An employee is entitled to be defended at the employer’s expense notwithstanding that their action “while discharging their duties” violated a law, rule or regulation


An employee is entitled to be defended at the employer’s expense notwithstanding that their action “while discharging their duties” violated a law, rule or regulation

The Court of Appeals ruled that employees of the New York City Department of Education [DOE] who are sued for using corporal punishment are entitled to a defense provided by the City notwithstanding the fact that the employees' conduct violated a State regulation.

Both employees, paraprofessionals serving with the New York City schools, were defendants in civil suits brought by students who alleged that the employees hit them.

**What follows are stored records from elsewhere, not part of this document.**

(* Let $v\ge 2$, $l\ge 1$ and $t\ge 1$ be integers, put $n=vl$, and assume $n>2t-2$. Let $B$ be the set of sequences $\sigma\in\mathbb{Z}_v^n$ (indexed $0,\dots,n-1$) in which every symbol occurs exactly $l$ times, and choose $\sigma\in B$ uniformly at random. For $z\in\mathbb{Z}_v^t$ let $\lambda(z)=\#\{i\in\{0,\dots,n-1\}:\ \sigma((i+\iota)\,\%\,n)=z(\iota)\ \forall\,0\le\iota<t\}$. If $(z(i),\dots,z(t-1))\neq(z(0),\dots,z(t-1-i))$ for all $1\le i<t$, then $$\mathrm{VAR}(\lambda(z))=\frac{\prod_{a=0}^{v-1}(l)_{|z|_a}}{(n-1)_{t-1}}-\left(\frac{\prod_{a=0}^{v-1}(l)_{|z|_a}}{(n-1)_{t-1}}\right)^2+\frac{\prod_{a=0}^{v-1}(l)_{2|z|_a}}{(n-1)_{2t-2}}.$$
   Context: $x\,\%\,n$ is the least nonnegative remainder modulo $n$. $(x)_m=x(x-1)\cdots(x-m+1)$ is the falling factorial. For $a\in\mathbb{Z}_v$, $|z|_a$ is the number of entries of $z$ equal to $a$. *)

theory Defs
  imports "HOL-Probability.Probability"
begin

definition falling :: "nat \<Rightarrow> nat \<Rightarrow> real" where
  "falling x m = (\<Prod>i<m. (real x - real i))"

definition balanced_seqs :: "nat \<Rightarrow> nat \<Rightarrow> nat list set" where
  "balanced_seqs v l = {\<sigma>. length \<sigma> = v * l \<and> set \<sigma> \<subseteq> {..<v} \<and>
                          (\<forall>a<v. count_list \<sigma> a = l)}"

definition occ :: "nat list \<Rightarrow> nat list \<Rightarrow> nat" where
  "occ \<sigma> z = card {i. i < length \<sigma> \<and>
      (\<forall>\<iota><length z. \<sigma> ! ((i + \<iota>) mod length \<sigma>) = z ! \<iota>)}"

end

theory Submission
  imports Defs "HOL-Combinatorics.Multiset_Permutations"
begin
(* Let $(\mathfrak A,\alpha,\omega)$ be a weakly mixing $C^*$-dynamical system with GNS covariant representation $(\mathcal H,\pi,U,\Omega)$ such that the support of $\omega$ in $\mathfrak A^{**}$ is central, and let $0<m_1<m_2$ be natural numbers. Then for every $A\in M\cup M'$, where $M=\pi(\mathfrak A)''$, $$\mathop{\mathrm{s\text{-}lim}}_{N\to\infty}\frac1N\sum_{n=0}^{N-1}U^{nm_1}AU^{nm_2}=\langle A\Omega,\Omega\rangle\,\langle\,\cdot\,,\Omega\rangle\,\Omega,$$ i.e. the limit in the strong operator topology is the operator $\xi\mapsto\langle A\Omega,\Omega\rangle\langle\xi,\Omega\rangle\Omega$.
   Context: A $C^*$-dynamical system $(\mathfrak A,\alpha,\omega)$: $C^*$-algebra $\mathfrak A$, automorphism $\alpha$, $\alpha$-invariant state $\omega$. It is weakly mixing if $\lim_N\frac1N\sum_{n=0}^{N-1}|\omega(A\alpha^n(B))-\omega(A)\omega(B)|=0$ for all $A,B\in\mathfrak A$; equivalently, the $U$-invariant vectors are $\mathbb C\Omega$ and $1$ is the only eigenvalue of $U$. $(\mathcal H,\pi,\Omega)$ is the GNS triple of $\omega$ and $U$ the unitary with $U\pi(A)\Omega=\pi(\alpha(A))\Omega$. $M'$ is the commutant of $M$; central support is equivalent to $\Omega$ being separating for $M$. *)

theory Defs
  imports "HOL-Analysis.Analysis"
begin

class complex_vector = real_vector +
  fixes scaleC :: "complex \<Rightarrow> 'a \<Rightarrow> 'a" (infixr \<open>*\<^sub>C\<close> 75)
  assumes scaleC_add_right: "a *\<^sub>C (x + y) = a *\<^sub>C x + a *\<^sub>C y"
    and scaleC_add_left: "(a + b) *\<^sub>C x = a *\<^sub>C x + b *\<^sub>C x"
    and scaleC_scaleC: "a *\<^sub>C (b *\<^sub>C x) = (a * b) *\<^sub>C x"
    and scaleC_one: "1 *\<^sub>C x = x"
    and scaleR_scaleC: "scaleR r x = complex_of_real r *\<^sub>C x"

class complex_normed_vector = complex_vector + real_normed_vector +
  assumes norm_scaleC: "norm (a *\<^sub>C x) = cmod a * norm x"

Although the employees do not dispute that the actions they were found to have committed violated a Rule of the Board of Regents, 8 NYCRR 19.5 (a), which prohibits corporal punishment, they asked the City to defend them in the civil actions brought against them.

The City of New York rejected their requests for it to defend them in the civil lawsuits. Supreme Court held that the City should provide for their defense; the Appellate Division reversed the Supreme Court’s ruling. The Court of Appeals reversed the Appellate Division’s determination.

The employees contended that they were entitled to having the City provide for their defense pursuant to Education Law §3028, which provides:

"Notwithstanding any inconsistent provision of any general, special or local law, or the limitations contained in the provisions of any city charter, each board of education, trustee or trustees in the state shall provide an attorney or attorneys for, and pay such attorney's fees and expenses necessarily incurred in the defense of a teacher, member of a supervisory or administrative staff or employee . . . in any civil or ciminal [sic] action or proceeding arising out of disciplinary action taken against any pupil of the district while in the discharge of his duties within the scope of his employment . . ." (Emphasis supplied by the Court of Appeals).

The court said the controlling issue is whether the actions that resulted in the students' lawsuits against the employees were taken "while in the discharge of [their] duties within the scope of [their] employment," as required by §3028. Although the City conceded that the employees were acting within the scope of their employment, it argued that the statutory words "discharge of . . . duties" have a more restrictive meaning, and that an employee who is violating his or her employer's regulations cannot be acting in the "discharge of [her] duties."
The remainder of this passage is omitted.